Collected data:
lemma det_toeplitz_rational_fps_nonzero:
  fixes A B :: "'a::field_gcd poly" and F :: "'a fps"
  assumes AF: "fps_of_poly A * F = fps_of_poly B" and B: "B \<noteq> 0" and cop: "coprime A B"
    and dA: "degree A \<le> k"
  shows "det (mat k k (\<lambda>(i, b). fps_nth_int F (int (degree B) + int b - int i))) \<noteq> 0"
    (is "det ?E \<noteq> 0")
proof
  assume "det ?E = 0"
  then obtain v where v: "v \<in> carrier_vec k" "v \<noteq> 0\<^sub>v k" "?E *\<^sub>v v = 0\<^sub>v k"
    using det_0_iff_vec_prod_zero_field[of ?E k] by auto
  have "k \<noteq> 0"
  proof
    assume "k = 0"
    with v(1,2) show False by (auto intro!: eq_vecI)
  qed
  \<comment> \<open>With the entries of \<open>v\<close> reversed as coefficients, \<open>(E v)\<^sub>i\<close> is a coefficient of \<open>W F\<close>.\<close>
  define W where "W = (\<Sum>t<k. monom (v $ (k - 1 - t)) t)"
  have coeff_W: "coeff W t = (if t < k then v $ (k - 1 - t) else 0)" for t
    by (simp add: W_def coeff_sum)
  have dW: "degree W < k"
    using \<open>k \<noteq> 0\<close> by (intro degree_lessI) (auto simp: coeff_W)
  have "W = 0"
  proof (rule rational_fps_gap_imp_eq_0[OF AF B cop dA dW])
    fix n assume n: "degree B \<le> n" "n < degree B + k"
    define i where "i = degree B + k - 1 - n"
    have i: "i < k" using n \<open>k \<noteq> 0\<close> by (simp add: i_def)
    have "fps_nth (fps_of_poly W * F) n = (\<Sum>t<k. coeff W t * fps_nth_int F (int n - int t))"
      by (rule fps_nth_poly_mult[OF dW])
    also have "\<dots> = (\<Sum>b<k. ?E $$ (i, b) * v $ b)"
      by (rule sum.reindex_bij_witness[of _ "\<lambda>b. k - 1 - b" "\<lambda>t. k - 1 - t"])
        (use i n in \<open>auto simp: coeff_W i_def of_nat_diff\<close>)
    also have "\<dots> = (?E *\<^sub>v v) $ i"
      using i v(1) by (simp add: scalar_prod_def atLeast0LessThan)
    also have "\<dots> = 0" using v(3) i by simp
    finally show "fps_nth (fps_of_poly W * F) n = 0" .
  qed
  then have "v $ b = 0" if "b < k" for b
    using coeff_W[of "k - 1 - b"] that by simp
  then have "v = 0\<^sub>v k"
    using v(1) by (intro eq_vecI) auto
  with v(2) show False by simp
qed

section \<open>The generating series at \<open>\<beta>\<^sub>j\<close>\<close>

definition aj :: "nat \<Rightarrow> rat" where
  "aj j = of_nat (j - 1) / of_nat (2 * j - 1)"

definition bj :: "nat \<Rightarrow> rat" where
  "bj j = of_nat j / of_nat (2 * j - 1)"

definition beta_root :: "nat \<Rightarrow> rat" where
  "beta_root j = 1 / of_nat (2 * j - 1) ^ 2"

lemma aj_plus_bj: "j \<ge> 1 \<Longrightarrow> aj j + bj j = 1"
  by (simp add: aj_def bj_def of_nat_diff add_divide_distrib[symmetric])

lemma of_nat_mult_aj: "of_nat j * aj j = of_nat (j - 1) * bj j"
  by (simp add: aj_def bj_def)

lemma one_minus_beta_root:
  assumes "j \<ge> 1"
  shows "1 - beta_root j = 4 * (aj j * bj j)"
proof -
  define t where "t = (of_nat (2 * j - 1) :: rat)"
  have "t \<noteq> 0" using assms by (simp add: t_def)
  then have "1 - beta_root j = (t ^ 2 - 1) / t ^ 2"
    by (simp add: beta_root_def t_def field_simps)
  also have "t ^ 2 - 1 = 4 * (of_nat (j - 1) * of_nat j)"
    using assms by (simp add: t_def of_nat_diff algebra_simps power2_eq_square)
  finally show ?thesis
    by (simp add: aj_def bj_def t_def power2_eq_square)
qed

lemma aj_neq_bj: "j \<ge> 1 \<Longrightarrow> aj j \<noteq> bj j"
  by (simp add: aj_def bj_def)

lemma bj_nonzero: "j \<ge> 1 \<Longrightarrow> bj j \<noteq> 0"
  by (simp add: bj_def)

lemma beta_root_inj:
  assumes "x \<ge> 1" and "y \<ge> 1" and "beta_root x = beta_root y"
  shows "x = y"
proof -
  have "(of_nat (2 * x - 1) :: rat) ^ 2 = of_nat (2 * y - 1) ^ 2"
    using assms(3) by (simp add: beta_root_def)
  then have "(of_nat (2 * x - 1) :: rat) = of_nat (2 * y - 1)"
    by (rule power_eq_imp_eq_base) auto
  with assms(1,2) show ?thesis by simp
qed

text \<open>\<open>(1 + a\<^sub>j x)\<^bsup>r-j\<^esup> (1 + b\<^sub>j x)\<^bsup>r+j-1\<^esup>\<close>, written so that \<open>r - j\<close> may be negative.\<close>

definition gen_fps :: "nat \<Rightarrow> nat \<Rightarrow> rat fps" where
  "gen_fps r j =
     fps_of_poly ([:1, aj j:] ^ r * [:1, bj j:] ^ (r + j - 1)) * inverse (fps_of_poly [:1, aj j:]) ^ j"

lemma gen_fps_ode:
  assumes "j \<ge> 1"
  shows "fps_of_poly [:1, 1, aj j * bj j:] * fps_deriv (gen_fps r j) =
         fps_of_poly [:of_nat r, (2 * of_nat r - 1) * (aj j * bj j):] * gen_fps r j"
proof -
  define a b s where "a = aj j" and "b = bj j" and "s = r + j - 1"
  define A B where "A = fps_of_poly [:1, a:]" and "B = fps_of_poly [:1, b:]"
  have A': "fps_deriv A = fps_const a" and B': "fps_deriv B = fps_const b"
    by (simp_all add: A_def B_def fps_of_poly_pderiv[symmetric] pderiv_pCons fps_of_poly_const)
  have A0: "fps_nth A 0 \<noteq> 0" by (simp add: A_def)
  have F: "gen_fps r j = A ^ r * B ^ s * inverse A ^ j"
    by (simp add: gen_fps_def A_def B_def a_def b_def s_def fps_of_poly_mult fps_of_poly_power)
  \<comment> \<open>logarithmic differentiation of \<open>A\<^sup>r B\<^sup>s A\<^sup>-\<^sup>j\<close>\<close>
  have "A * B * fps_deriv (gen_fps r j)
      = B * (A * fps_deriv (A ^ r)) * B ^ s * inverse A ^ j + A * A ^ r * (B * fps_deriv (B ^ s)) * inverse A ^ j
        + B * A ^ r * B ^ s * (A * fps_deriv (inverse A ^ j))"
    by (simp add: F fps_deriv_mult algebra_simps)
  also have "\<dots> = (of_nat r * fps_const a * B + of_nat s * fps_const b * A - of_nat j * fps_const a * B)
      * gen_fps r j"
    by (simp add: F fps_deriv_power_mult fps_deriv_inverse_power_mult[OF A0] A' B' algebra_simps)
  also have "of_nat r * fps_const a * B + of_nat s * fps_const b * A - of_nat j * fps_const a * B
      = fps_of_poly [:of_nat r, (2 * of_nat r - 1) * (a * b):]"
  proof -
    have "of_nat j * a = of_nat (j - 1) * b" and "a + b = 1"
      using assms by (simp_all add: a_def b_def of_nat_mult_aj aj_plus_bj)
    moreover from \<open>a + b = 1\<close> have "of_nat r * a + of_nat r * b = of_nat r"
      by (metis distrib_left mult_1_right)
    ultimately have "smult (of_nat r * a) [:1, b:] + smult (of_nat s * b) [:1, a:] - smult (of_nat j * a) [:1, b:]
        = [:of_nat r, (2 * of_nat r - 1) * (a * b):]"
      using assms by (simp add: s_def of_nat_diff algebra_simps)
    from arg_cong[OF this, of fps_of_poly] show ?thesis
      by (simp only: A_def B_def fps_of_poly_add fps_of_poly_diff fps_of_poly_smult
          fps_const_mult[symmetric] fps_of_nat)
  qed
  moreover have "A * B = fps_of_poly [:1, 1, a * b:]"
    using assms by (simp add: A_def B_def fps_of_poly_mult[symmetric] a_def b_def aj_plus_bj)
  ultimately show ?thesis by (simp add: a_def b_def)
qed

lemma fps_nth_gen_fps_0 [simp]: "fps_nth (gen_fps r j) 0 = 1"
  by (simp add: gen_fps_def fps_power_zeroth coeff_mult_0 coeff_0_power)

**Instructions for the task**
Count the lines in the entries above that include the string "definition", then give only that figure.

**Result of the task**
4